**Task instructions:** In the entries below, find every line with the string "intro" and copy it.

**Material shown:**
▼

lemma expectation_truncated_tendsto: "(\<lambda>i. expectation (truncated i)) \<longlonglongrightarrow> expectation (X 0)"
proof -
  have "(\<lambda>i. \<integral>\<omega>. trunc_at (Suc i) (X 0 \<omega>) \<partial>M) \<longlonglongrightarrow> expectation (X 0)"
  proof (rule integral_dominated_convergence[where w="X 0"])
    show "AE \<omega> in M. (\<lambda>i. trunc_at (Suc i) (X 0 \<omega>)) \<longlonglongrightarrow> X 0 \<omega>"
    proof (intro AE_I2 tendsto_eventually)
      fix \<omega>
      obtain n :: nat where "X 0 \<omega> \<le> n" using real_arch_simple by blast
      thus "\<forall>\<^sub>F i in sequentially. trunc_at (Suc i) (X 0 \<omega>) = X 0 \<omega>"
        unfolding eventually_sequentially trunc_at_def by (intro exI[of _ n]) auto
    qed
    show "AE \<omega> in M. norm (trunc_at (Suc i) (X 0 \<omega>)) \<le> X 0 \<omega>" for i
      using nonneg by (intro AE_I2) (auto simp: trunc_at_def)
  qed (simp_all add: integrable_0)
  moreover have "expectation (truncated i) = (\<integral>\<omega>. trunc_at (Suc i) (X 0 \<omega>) \<partial>M)" for i
    unfolding truncated_def by (rule integral_comp_identical) simp
  ultimately show ?thesis by simp
qed

lemma sum_expectation_truncated_square_le:
  "(\<Sum>i<K. expectation (\<lambda>\<omega>. (truncated i \<omega>)\<^sup>2) / (real (Suc i))\<^sup>2) \<le> 2 * expectation (X 0)"
proof -
  have integrable_i: "integrable M (\<lambda>\<omega>. (trunc_at (Suc i) (X 0 \<omega>))\<^sup>2)" for i
    using nonneg trunc_at_bounds[of "X 0 _" "Suc i"]
    by (intro integrable_const_bound[where B="(Suc i)\<^sup>2"] AE_I2) (auto intro!: power_mono)
  have "expectation (\<lambda>\<omega>. (truncated i \<omega>)\<^sup>2) = (\<integral>\<omega>. (trunc_at (Suc i) (X 0 \<omega>))\<^sup>2 \<partial>M)" for i
    unfolding truncated_def by (rule integral_comp_identical[where g="\<lambda>x. (trunc_at (Suc i) x)\<^sup>2"]) simp
  hence "(\<Sum>i<K. expectation (\<lambda>\<omega>. (truncated i \<omega>)\<^sup>2) / (real (Suc i))\<^sup>2)
      = (\<integral>\<omega>. (\<Sum>i<K. (trunc_at (Suc i) (X 0 \<omega>))\<^sup>2 / (real (Suc i))\<^sup>2) \<partial>M)"
    using integrable_i by (simp add: Bochner_Integration.integral_sum)
  also have "\<dots> \<le> (\<integral>\<omega>. 2 * X 0 \<omega> \<partial>M)"
    using integrable_i integrable_0 sum_trunc_at_square_le[OF nonneg]
    by (intro integral_mono) auto
  finally show ?thesis by simp
qed

definition centered :: "nat \<Rightarrow> 'a \<Rightarrow> real" where
  "centered i \<omega> = truncated i \<omega> - expectation (truncated i)"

▲

**Response box:**
    proof (intro AE_I2 tendsto_eventually)
        unfolding eventually_sequentially trunc_at_def by (intro exI[of _ n]) auto
      using nonneg by (intro AE_I2) (auto simp: trunc_at_def)
    by (intro integrable_const_bound[where B="(Suc i)\<^sup>2"] AE_I2) (auto intro!: power_mono)
    by (intro integral_mono) auto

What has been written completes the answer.